In June 2017, the girl, a minor then, went missing from her village. Nine days later, the girl managed to escape and told her family that she had been gang raped for a week by Sengar. The local police filed a case against other accused but did not name Sengar as an accused. For months, the girl and her family tried to get the lawmaker named as an accused in the case. Almost 10 months later, her father was assaulted by Sengar’s family and arrested by the police on trumped up charges of illegal possession of arms. He subsequently died of torture in police custody.

This pushed the girl and her family to set themselves on fire in front of the house of the chief minister of the state to highlight her case. The nationwide outrage that followed forced the state government to initiate action against the accused. But even then the case was not being dealt with seriously by the police.

Finally, the Supreme Court intervened after the victim wrote a letter to then chief justice of India Ranjan Gogoi, and all the five cases related to the incident were transferred from court in Lucknow to Delhi with directions to hold trial on a daily basis and completing it within 45 days.

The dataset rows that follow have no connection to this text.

theorem mainTheorem2:
  fixes G :: "('a, 'b) monoid_scheme" and \<pi> :: "nat set" and A B H :: "'a set"
  assumes "group G" and "finite (carrier G)"
    and "\<forall>p\<in>\<pi>. Factorial_Ring.prime p"
    and "pi_separable \<pi> G"
    and "subgroup A G" and "subgroup B G" and "A <#>\<^bsub>G\<^esub> B = carrier G"
    and "core_factorisation G A B"
    and "hall_subgroup \<pi> G H"
    and "H = (H \<inter> A) <#>\<^bsub>G\<^esub> (H \<inter> B)"
    and "hall_subgroup \<pi> (G\<lparr>carrier := A\<rparr>) (H \<inter> A)"
    and "hall_subgroup \<pi> (G\<lparr>carrier := B\<rparr>) (H \<inter> B)"
    and "H \<noteq> {\<one>\<^bsub>G\<^esub>}"
  shows "core_factorisation (G\<lparr>carrier := H\<rparr>) (H \<inter> A) (H \<inter> B)"
proof -
  interpret group G by (rule assms(1))
  have H: "subgroup H G" using assms(9) unfolding hall_subgroup_def by blast
  obtain n s where series: "chief_series G n s"
    and cov: "\<forall>i<n. covers G A (s (Suc i)) (s i) \<or> covers G B (s (Suc i)) (s i)"
    using assms(8) unfolding core_factorisation_def by blast
  have s0: "s 0 = {\<one>\<^bsub>G\<^esub>}" and sn: "s n = carrier G" and normal_s: "\<And>i. i \<le> n \<Longrightarrow> s i \<lhd> G"
    and mono_s: "\<And>i. i < n \<Longrightarrow> s i \<subseteq> s (Suc i)"
    using series unfolding chief_series_def by auto
  have "covered_chief_chain (G\<lparr>carrier := H\<rparr>) (H \<inter> A) (H \<inter> B) (H \<inter> s n)"
    using hall_covered_chief_chain[OF assms(2,9,5,11,6,12) s0 normal_s mono_s] cov by blast
  moreover have "H \<inter> s n = H" using sn subgroup.subset[OF H] by blast
  ultimately have "covered_chief_chain (G\<lparr>carrier := H\<rparr>) (H \<inter> A) (H \<inter> B) (carrier (G\<lparr>carrier := H\<rparr>))"
    by simp
  moreover have "subgroup (H \<inter> A) (G\<lparr>carrier := H\<rparr>)" "subgroup (H \<inter> B) (G\<lparr>carrier := H\<rparr>)"
    using subgroup_incl[OF subgroups_Inter_pair H] H assms(5,6) by auto
  ultimately show ?thesis
    using assms(10,13) unfolding core_factorisation_def covered_chief_chain_carrier_iff
    by (simp add: set_mult_carrier_update)
qed
text \<open>A weak form of Lyapunov's convexity theorem.\<close>
lemma L01_exists_set_integral_approx:
  fixes F :: "(real \<Rightarrow> real) set" and d :: real
  assumes F: "finite F" and g: "\<And>g. g \<in> F \<Longrightarrow> integrable L01 g"
    and \<phi>: "\<phi> \<in> borel_measurable L01" "\<And>x. x \<in> {0..1} \<Longrightarrow> 0 \<le> \<phi> x \<and> \<phi> x \<le> 1"
    and d: "0 < d"
  obtains A where "A \<in> sets L01"
    "\<And>g. g \<in> F \<Longrightarrow> \<bar>(\<integral>x. indicator A x * g x \<partial>L01) - (\<integral>x. \<phi> x * g x \<partial>L01)\<bar> < d"
proof -
  have "\<exists>s. simple_function L01 s \<and> integrable L01 s \<and> (\<integral>x. \<bar>g x - s x\<bar> \<partial>L01) < d/2"
    if "g \<in> F" for g
    using integrable_simple_function_L1_approx[OF g[OF that], of "d/2"] d by auto
  then obtain s where s: "\<And>g. g \<in> F \<Longrightarrow> simple_function L01 (s g)"
    "\<And>g. g \<in> F \<Longrightarrow> integrable L01 (s g)"
    "\<And>g. g \<in> F \<Longrightarrow> (\<integral>x. \<bar>g x - s g x\<bar> \<partial>L01) < d/2"
    by metis
  obtain A where A: "A \<in> sets L01"
    and A_eq: "\<And>g. g \<in> F \<Longrightarrow> (\<integral>x. indicator A x * s g x \<partial>L01) = (\<integral>x. \<phi> x * s g x \<partial>L01)"
    using L01_exists_set_integral_eq_simple[where s=s, OF F s(1) \<phi>] by blast
  show ?thesis
  proof (rule that[OF A])
    fix g assume "g \<in> F"
    have "\<bar>(\<integral>x. indicator A x * g x \<partial>L01) - (\<integral>x. indicator A x * s g x \<partial>L01)\<bar>
        \<le> (\<integral>x. \<bar>g x - s g x\<bar> \<partial>L01)"
      using A by (intro integral_bounded_mult_diff_le g s(2) \<open>g \<in> F\<close>) (auto simp: indicator_def)
    moreover have "\<bar>(\<integral>x. \<phi> x * g x \<partial>L01) - (\<integral>x. \<phi> x * s g x \<partial>L01)\<bar>
        \<le> (\<integral>x. \<bar>g x - s g x\<bar> \<partial>L01)"
      using \<phi>(2) by (intro integral_bounded_mult_diff_le g s(2) \<phi>(1) \<open>g \<in> F\<close>) force
    moreover note s(3)[OF \<open>g \<in> F\<close>]
    ultimately show "\<bar>(\<integral>x. indicator A x * g x \<partial>L01) - (\<integral>x. \<phi> x * g x \<partial>L01)\<bar> < d"
      using A_eq[OF \<open>g \<in> F\<close>] by linarith
  qed
qed
lemma doubling_maximum_small_penalty:
  fixes u w :: "real^'n \<Rightarrow> real"
  assumes u: "usc u" "Zn_periodic u" "\<And>x. \<bar>u x\<bar> \<le> B"
    and w: "lsc w" "Zn_periodic w" "\<And>x. \<bar>w x\<bar> \<le> B"
    and "0 < \<delta>"
  obtains \<epsilon> x0 y0 where "0 < \<epsilon>" "\<epsilon> \<le> 1"
    "\<And>x y. doubling u w \<epsilon> x y \<le> doubling u w \<epsilon> x0 y0"
    "(norm (x0 - y0))\<^sup>2 / \<epsilon> \<le> 4 * \<delta>"
proof -
  have "\<forall>\<epsilon>. \<exists>x0 y0. 0 < \<epsilon> \<longrightarrow> (\<forall>x y. doubling u w \<epsilon> x y \<le> doubling u w \<epsilon> x0 y0)"
    using doubling_attains_sup[OF u w] by blast
  then obtain xm ym where max:
    "\<And>\<epsilon> x y. 0 < \<epsilon> \<Longrightarrow> doubling u w \<epsilon> x y \<le> doubling u w \<epsilon> (xm \<epsilon>) (ym \<epsilon>)"
    by metis
  define m where "m k = doubling u w (1 / 2 ^ k) (xm (1 / 2 ^ k)) (ym (1 / 2 ^ k))" for k :: nat
  have "m 0 - m k \<le> 4 * B" for k
  proof -
    have "m 0 \<le> 2 * B"
      unfolding m_def by (rule doubling_le[OF u(3) w(3)]) simp
    moreover have "u 0 - w 0 \<le> m k"
      using max[of "1 / 2 ^ k" 0 0] unfolding m_def doubling_same by simp
    ultimately show ?thesis
      using u(3)[of 0] w(3)[of 0] unfolding abs_le_iff by linarith
  qed
  then obtain k where k: "m k - m (Suc k) \<le> \<delta>"
    using bounded_drop_imp_small_step \<open>0 < \<delta>\<close> by blast
  define \<epsilon> :: real where "\<epsilon> = 1 / 2 ^ Suc k"
  have "0 < \<epsilon>" "\<epsilon> \<le> 1"
    unfolding \<epsilon>_def using one_le_power[of "2::real" "Suc k"] by simp_all
  moreover have "(norm (xm \<epsilon> - ym \<epsilon>))\<^sup>2 / \<epsilon> \<le> 4 * (m k - m (Suc k))"
  proof -
    have "2 * \<epsilon> = 1 / 2 ^ k" unfolding \<epsilon>_def by simp
    then have "doubling u w (2 * \<epsilon>) x y \<le> m k" for x y
      unfolding m_def using max by simp
    then show ?thesis
      using doubling_penalty_le_drop[OF \<open>0 < \<epsilon>\<close>] unfolding m_def \<epsilon>_def by blast
  qed
  ultimately show ?thesis
    using that[of \<epsilon> "xm \<epsilon>" "ym \<epsilon>"] max k by simp
qed

lemma C1_grad_scaled_sq_dist:
  fixes x0 :: "real^'n"
  shows "C1_grad (\<lambda>x. c * (norm (x - x0))\<^sup>2) (\<lambda>x. (2 * c) *\<^sub>R (x - x0))"
  unfolding C1_grad_def
proof (intro conjI allI)
  show "((\<lambda>x. c * (norm (x - x0))\<^sup>2) has_derivative (\<lambda>h. ((2 * c) *\<^sub>R (x - x0)) \<bullet> h)) (at x)"
    for x
    by (auto intro!: derivative_eq_intros
        simp: power2_norm_eq_inner fun_eq_iff inner_commute algebra_simps)
qed (intro continuous_intros)

lemma visc_sub_at_max:
  assumes "visc_sub V P b u" "C1_grad \<phi> g" "\<And>y. u y - \<phi> y \<le> u x0 - \<phi> x0"
  shows "Ham V x0 (g x0 + P) \<le> b"
  using assms unfolding visc_sub_def by (meson zero_less_one)

lemma visc_super_at_min:
  assumes "visc_super V P a w" "C1_grad \<phi> g" "\<And>y. w x0 - \<phi> x0 \<le> w y - \<phi> y"
  shows "a \<le> Ham V x0 (g x0 + P)"
  using assms unfolding visc_super_def by (meson zero_less_one)

lemma viscosity_at_doubling_max:
  assumes "visc_sub V P b u" "visc_super V P a w" "0 < \<epsilon>"
    and max: "\<And>x y. doubling u w \<epsilon> x y \<le> doubling u w \<epsilon> x0 y0"
  shows "Ham V x0 ((1 / \<epsilon>) *\<^sub>R (x0 - y0) + P) \<le> b"
    and "a \<le> Ham V y0 ((1 / \<epsilon>) *\<^sub>R (x0 - y0) + P)"
proof -
  have "u y - 1 / (2 * \<epsilon>) * (norm (y - y0))\<^sup>2 \<le> u x0 - 1 / (2 * \<epsilon>) * (norm (x0 - y0))\<^sup>2"
    for y using max[of y y0] unfolding doubling_def by simp
  from visc_sub_at_max[OF assms(1) C1_grad_scaled_sq_dist this]
  show "Ham V x0 ((1 / \<epsilon>) *\<^sub>R (x0 - y0) + P) \<le> b" by simp
  have "w y0 - - 1 / (2 * \<epsilon>) * (norm (y0 - x0))\<^sup>2 \<le> w y - - 1 / (2 * \<epsilon>) * (norm (y - x0))\<^sup>2"
    for y using max[of x0 y] unfolding doubling_def by (simp add: norm_minus_commute)
  from visc_super_at_min[OF assms(2) C1_grad_scaled_sq_dist this]
  have "a \<le> Ham V y0 ((2 * (- 1 / (2 * \<epsilon>))) *\<^sub>R (y0 - x0) + P)" .
  also have "(2 * (- 1 / (2 * \<epsilon>))) *\<^sub>R (y0 - x0) = (1 / \<epsilon>) *\<^sub>R (x0 - y0)"
    using \<open>0 < \<epsilon>\<close> by (simp add: algebra_simps)
  finally show "a \<le> Ham V y0 ((1 / \<epsilon>) *\<^sub>R (x0 - y0) + P)" .
qed

lemma Ham_diff_le:
  assumes "L-lipschitz_on UNIV V"
  shows "Ham V y p - Ham V x p \<le> L * norm p * dist x y"
proof -
  have "Ham V y p - Ham V x p = p \<bullet> (V y - V x)"
    unfolding Ham_def by (simp add: inner_diff_right)
  also have "\<dots> \<le> norm p * norm (V y - V x)" by (rule norm_cauchy_schwarz)
  also have "\<dots> \<le> norm p * (L * dist x y)"
    using lipschitz_onD[OF assms, of x y]
    by (simp add: dist_norm norm_minus_commute mult_left_mono)
  finally show ?thesis by (simp add: mult_ac)
qed

lemma penalty_gap_bound:
  fixes d \<epsilon> \<theta> L c :: real
  assumes "0 < \<epsilon>" "\<epsilon> \<le> 1" "0 \<le> L" "0 \<le> c" "0 < \<theta>" "\<theta> \<le> 1" "0 \<le> d"
    and penalty: "d\<^sup>2 / \<epsilon> \<le> 4 * \<theta>\<^sup>2"
  shows "L * (d / \<epsilon> + c) * d \<le> L * (4 + 2 * c) * \<theta>"
proof -
  have "d\<^sup>2 \<le> d\<^sup>2 / \<epsilon>" using assms(1,2) by (simp add: le_divide_eq mult_left_le)
  also have "\<dots> \<le> (2 * \<theta>)\<^sup>2" using penalty by (simp add: power_mult_distrib)
  finally have "d \<le> 2 * \<theta>" by (rule power2_le_imp_le) (use assms(5) in simp)
  have "\<theta>\<^sup>2 \<le> \<theta>" using assms(5,6) by (simp add: power2_eq_square mult_left_le_one_le)
  have "(d / \<epsilon> + c) * d = d\<^sup>2 / \<epsilon> + c * d" by (simp add: power2_eq_square algebra_simps)
  also have "\<dots> \<le> 4 * \<theta> + c * (2 * \<theta>)"
    using penalty \<open>\<theta>\<^sup>2 \<le> \<theta>\<close> \<open>d \<le> 2 * \<theta>\<close> assms(4) by (intro add_mono mult_left_mono) auto
  also have "\<dots> = (4 + 2 * c) * \<theta>" by (simp add: algebra_simps)
  finally show ?thesis
    using mult_left_mono[OF _ assms(3)] by (simp add: mult.assoc)
qed

lemma nonpos_if_le_mult_small:
  fixes x K :: real
  assumes "\<And>\<theta>. 0 < \<theta> \<Longrightarrow> \<theta> \<le> 1 \<Longrightarrow> x \<le> K * \<theta>"
  shows "x \<le> 0"
proof (rule field_le_epsilon)
  fix e :: real assume "0 < e"
  define \<theta> where "\<theta> = min 1 (e / (\<bar>K\<bar> + 1))"
  have \<theta>: "0 < \<theta>" "\<theta> \<le> 1" using \<open>0 < e\<close> by (auto simp: \<theta>_def)
  have "K * \<theta> \<le> \<bar>K\<bar> * \<theta>" using \<theta> by (simp add: mult_right_mono)
  also have "\<dots> \<le> \<bar>K\<bar> * (e / (\<bar>K\<bar> + 1))"
    unfolding \<theta>_def by (intro mult_left_mono) auto
  also have "\<dots> \<le> e" using \<open>0 < e\<close> by (simp add: field_simps)
  finally show "x \<le> 0 + e" using assms[OF \<theta>] by simp
qed

lemma comparison_periodic:
  fixes V :: "real^'n \<Rightarrow> real^'n" and u w :: "real^'n \<Rightarrow> real"
  assumes L: "L-lipschitz_on UNIV V"
    and u: "usc u" "bounded (range u)" "Zn_periodic u" "visc_sub V P b u"
    and w: "lsc w" "bounded (range w)" "Zn_periodic w" "visc_super V P a w"
  shows "a \<le> b"
proof -
  obtain B where uB: "\<And>x. \<bar>u x\<bar> \<le> B" and wB: "\<And>x. \<bar>w x\<bar> \<le> B"
    using u(2) w(2) unfolding bounded_iff real_norm_def
    by (metis max.cobounded1 max.cobounded2 order_trans rangeI)
  have "a - b \<le> L * (4 + 2 * norm P) * \<theta>" if "0 < \<theta>" "\<theta> \<le> 1" for \<theta>
  proof -
    obtain \<epsilon> x0 y0 where \<epsilon>: "0 < \<epsilon>" "\<epsilon> \<le> 1"
      and max: "\<And>x y. doubling u w \<epsilon> x y \<le> doubling u w \<epsilon> x0 y0"
      and penalty: "(norm (x0 - y0))\<^sup>2 / \<epsilon> \<le> 4 * \<theta>\<^sup>2"
      using doubling_maximum_small_penalty[OF u(1,3) uB w(1,3) wB, of "\<theta>\<^sup>2"] \<open>0 < \<theta>\<close> by auto
    define p where "p = (1 / \<epsilon>) *\<^sub>R (x0 - y0) + P"
    have sub: "Ham V x0 p \<le> b" and super: "a \<le> Ham V y0 p"
      using viscosity_at_doubling_max[OF u(4) w(4) \<epsilon>(1) max] unfolding p_def by simp_all
    have "norm p \<le> norm (x0 - y0) / \<epsilon> + norm P"
      using norm_triangle_ineq[of "(1 / \<epsilon>) *\<^sub>R (x0 - y0)" P] \<epsilon>(1) unfolding p_def by simp
    have "a - b \<le> L * norm p * dist x0 y0"
      using sub super Ham_diff_le[OF L, of y0 p x0] by linarith
    also have "\<dots> \<le> L * (norm (x0 - y0) / \<epsilon> + norm P) * norm (x0 - y0)"
      using \<open>norm p \<le> _\<close> lipschitz_on_nonneg[OF L]
      by (simp add: dist_norm mult_right_mono mult_left_mono)
    also have "\<dots> \<le> L * (4 + 2 * norm P) * \<theta>"
      using penalty_gap_bound[OF \<epsilon> lipschitz_on_nonneg[OF L] _ that _ penalty] by simp
    finally show ?thesis .
  qed
  then have "a - b \<le> 0"
    by (rule nonpos_if_le_mult_small)
  then show "a \<le> b" by simp
qed

theorem lemma6p10:
  fixes V :: "real^'n \<Rightarrow> real^'n" and P :: "real^'n" and a :: real
  assumes "Zn_periodic V"
    and "\<exists>L. L-lipschitz_on UNIV V"
    and "\<exists>u. usc u \<and> bounded (range u) \<and> Zn_periodic u \<and> visc_sub V P a u"
    and "\<exists>w. lsc w \<and> bounded (range w) \<and> Zn_periodic w \<and> visc_super V P a w"
  shows "a = Hbar V P"
proof -
  obtain L where L: "L-lipschitz_on UNIV V" using assms(2) by blast
  obtain w where w: "lsc w" "bounded (range w)" "Zn_periodic w" "visc_super V P a w"
    using assms(4) by blast
  have "a \<le> b" if "b \<in> {b. \<exists>u. usc u \<and> bounded (range u) \<and> Zn_periodic u \<and> visc_sub V P b u}" for b
    using that comparison_periodic[OF L _ _ _ _ w] by blast
  then show ?thesis
    unfolding Hbar_def using assms(3) by (intro cInf_eq_minimum[symmetric]) auto
qed
end
lemma sgFw_zoom_base_edge:
  "sgFw p (concat (replicate n [i, j])) (base_edge s) = base_edge (1/3 + (s - 1/3) / 4 ^ n)"
proof (induction n)
  case (Suc n)
  have "sgF p i (sgF p j (base_edge t)) = base_edge ((1 + t) / 4)" for t
    by (simp add: sgF_def base_edge_def vec_eq_iff field_simps)
  then show ?case
    using Suc.IH by (simp add: field_simps)
qed simp

lemma edge_zoom: "edge (u @ concat (replicate n [i, j])) s = edge u (1/3 + (s - 1/3) / 4 ^ n)"
  by (simp add: edge_def sgFw_zoom_base_edge)

lemma edge_value_near_third:
  assumes u: "set u \<subseteq> {..<3}" and t: "\<bar>t - 1/3\<bar> \<le> (1/3) / 4 ^ n"
  shows "\<bar>f (edge u t) - f (edge u (1/3))\<bar> \<le> 2 * osc u * (6/25) ^ n"
proof -
  define w where "w = u @ concat (replicate n [i, j])"
  define s where "s = 1/3 + 4 ^ n * (t - 1/3)"
  have "\<bar>s - 1/3\<bar> = 4 ^ n * \<bar>t - 1/3\<bar>"
    by (simp add: s_def abs_mult)
  also have "\<dots> \<le> 4 ^ n * ((1/3) / 4 ^ n)"
    using t by (intro mult_left_mono) auto
  finally have "s \<in> {0..1}"
    by (auto simp: abs_if split: if_split_asm)
  moreover have "edge w s = edge u t" and "edge w (1/3) = edge u (1/3)"
    by (simp_all add: w_def s_def edge_zoom)
  moreover have w: "set w \<subseteq> {..<3}"
    using u vertex_indices by (auto simp: w_def)
  ultimately have "f (edge u t) \<in> {lo w..hi w}" and "f (edge u (1/3)) \<in> {lo w..hi w}"
    using maximum_principle_edge[OF w, of s] maximum_principle_edge[OF w, of "1/3"] by auto
  then have "\<bar>f (edge u t) - f (edge u (1/3))\<bar> \<le> hi w - lo w"
    by auto
  also have "\<dots> \<le> 2 * osc w"
    by (rule hi_minus_lo_le_osc)
  also have "\<dots> \<le> 2 * osc u * (6/25) ^ n"
    using osc_zoom[OF u, of n] by (simp add: w_def mult.commute)
  finally show ?thesis .
qed

lemma edge_has_real_derivative_zero_at_third:
  assumes "set u \<subseteq> {..<3}"
  shows "((\<lambda>t. f (edge u t)) has_real_derivative 0) (at (1/3))"
proof (rule has_real_derivative_zero_if_geometric_bound[where r = "1/3" and c = 4 and q = "6/25"])
  show "\<bar>f (edge u t) - f (edge u (1/3))\<bar> \<le> 2 * osc u * (6/25) ^ n"
    if "\<bar>t - 1/3\<bar> \<le> (1/3) / 4 ^ n" for n t
    using edge_value_near_third[OF assms that] .
qed simp_all

end

theorem theorem6:
  fixes p :: "nat \<Rightarrow> real^2" and f :: "real^2 \<Rightarrow> real"
    and ws :: "nat list" and m i j :: nat and v w :: "real^2"
  assumes "\<forall>a<3. \<forall>b<3. a \<noteq> b \<longrightarrow> dist (p a) (p b) = 1"
    and "sg_harmonic p f"
    and "ws \<in> sg_words m" and "i < 3" and "j < 3" and "i \<noteq> j"
    and "v = sgFw p ws (p i)" and "w = sgFw p ws (p j)"
  shows "((\<lambda>t. f (v + t *\<^sub>R (w - v))) has_real_derivative 0) (at (1/3) within {0..1})"
proof -
  define k where "k = 3 - i - j"
  have "k < 3" "j \<noteq> k" "i \<noteq> k"
    using assms(4-6) unfolding k_def by presburger+
  then interpret sg_edge p f i j k
    using assms(2,4-6) by unfold_locales
  have "set ws \<subseteq> {..<3}"
    using assms(3) by (simp add: sg_words_def)
  moreover have "(\<lambda>t. f (v + t *\<^sub>R (w - v))) = (\<lambda>t. f (edge ws t))"
    by (simp add: edge_eq assms(7,8))
  ultimately show ?thesis
    using edge_has_real_derivative_zero_at_third has_field_derivative_at_within by metis
qed
(* Let $T$ be a tree such that the longest $2$-path in $T$ has length $d\ge1$, and let $k$ be a positive integer. Then there exists $L>0$ (depending only on $k$ and $d$) such that the following holds: if $T$ contains a $\mathrm{C}$-gadget of order $d$ and length $L$, then there exists $1\le d'\le d$ such that $T$ contains a closed strong $\mathrm{C}$-gadget of order $d'$ with at least $k$ junctions.
   Context: In a tree $T$: a $2$-path of length $a$ is a path $x_0,\dots,x_a$ with $\deg(x_0)\ne2$, $\deg(x_1)=\dots=\deg(x_{a-1})=2$, $\deg(x_a)\ne 2$. A source is a vertex of degree $>2$. A ray of length $a$ is a $2$-path $x_0,\dots,x_a$ with $\deg(x_0)>2$, $\deg(x_a)=1$; $x_0$ is its source. For a source $s$, let $\deg_{\mathcal{L}}^a(s)$ be the number of rays of length $a$ with source $s$ and $\deg_{\overline{\mathcal{L}}}(s)=\deg(s)-\sum_a\deg_{\mathcal{L}}^a(s)$; $s$ is a fork if $\deg_{\overline{\mathcal{L}}}(s)=1$ and there are positive integers $a,b$ with either $a\ne b$ and $\deg^a_{\mathcal{L}}(s),\deg^b_{\mathcal{L}}(s)>0$, or $a=b$ and $\deg^a_{\mathcal{L}}(s)>1$. A $\mathrm{C}$-gadget of order $d$ and length $k$ is a path $x_0,\dots,x_k$ such that each inner vertex $x_i$ either has degree $2$ or is a source such that every neighbour of $x_i$ other than $x_{i-1},x_{i+1}$ is contained in a ray of length at most $d$ from $x_i$ to a leaf. A $\mathrm{C}$-gadget $x_0,\dots,x_L$ of order $d$ is a strong $\mathrm{C}$-gadget with $k$ junctions if there are integers $0=i_0<i_1<\dots<i_k<i_{k+1}=L$ with $i_{j+1}-i_j>2d$ for all $j\in\{0,\dots,k\}$ and, for all $j\in\{1,\dots,k\}$, $x_{i_j}$ is the source of a ray of length $d$ containing neither $x_{i_j-1}$ nor $x_{i_j+1}$; $x_{i_1},\dots,x_{i_k}$ are the junctions. It is closed if neither $x_{i_1}$ nor $x_{i_k}$ is a fork. *)

theory Defs
  imports Main
begin

text \<open>Finite simple graphs given by a vertex set V and an edge relation E.
  Paths are lists of distinct vertices with consecutive vertices adjacent;
  a path x_0,...,x_a (list of length a+1) has length a.\<close>

definition is_path :: "'a set \<Rightarrow> ('a \<Rightarrow> 'a \<Rightarrow> bool) \<Rightarrow> 'a list \<Rightarrow> bool" where
  "is_path V E xs \<longleftrightarrow> xs \<noteq> [] \<and> set xs \<subseteq> V \<and> distinct xs \<and>
     (\<forall>i. Suc i < length xs \<longrightarrow> E (xs ! i) (xs ! Suc i))"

But troubles continued for the victim and on July 28 this year, the woman who had accused Sengar was severely injured after the car in which she was travelling was hit by a truck and two of her aunts were killed in the accident.

‘‘Such was the power of Sengar in Uttar Pradesh who had the bureaucrats, police officials, journalists all in his pocket,” said a local BJP leader to an international media.

This is not the only case where power has trumped the fear of the law. Who can forget the infamous case of Ruchika Girhotra, who was molested by the IGP Shambhu (S P S Rathore) in 1990 in Haryana? After Girhotra filed a complaint, her family and friends were constantly harassed by the Police that eventually lead her to commit suicide. It was only after 19 years, 40 adjournments, and more than 400 hearings; the court finally pronounced Rathore guilty under Section 354 IPC (molestation) and sentenced him to six months’ imprisonment and a fine of INR 1,000.

One of India’s most popular religious gurus, Asaram Bapu, was arrested for raping a minor in 2013, three witnesses who testified against him were killed, and many others were attacked. Bapu was sentenced to life imprisonment last year.

These murderous attacks led the Supreme Court to approve a draft of a witness protection program in December 2018. The programme requires police to identify and assess the risk levels of witnesses in criminal cases and provide protection to at-risk witnesses, including through police monitoring, the provision of safehouses, and even new identities, if necessary.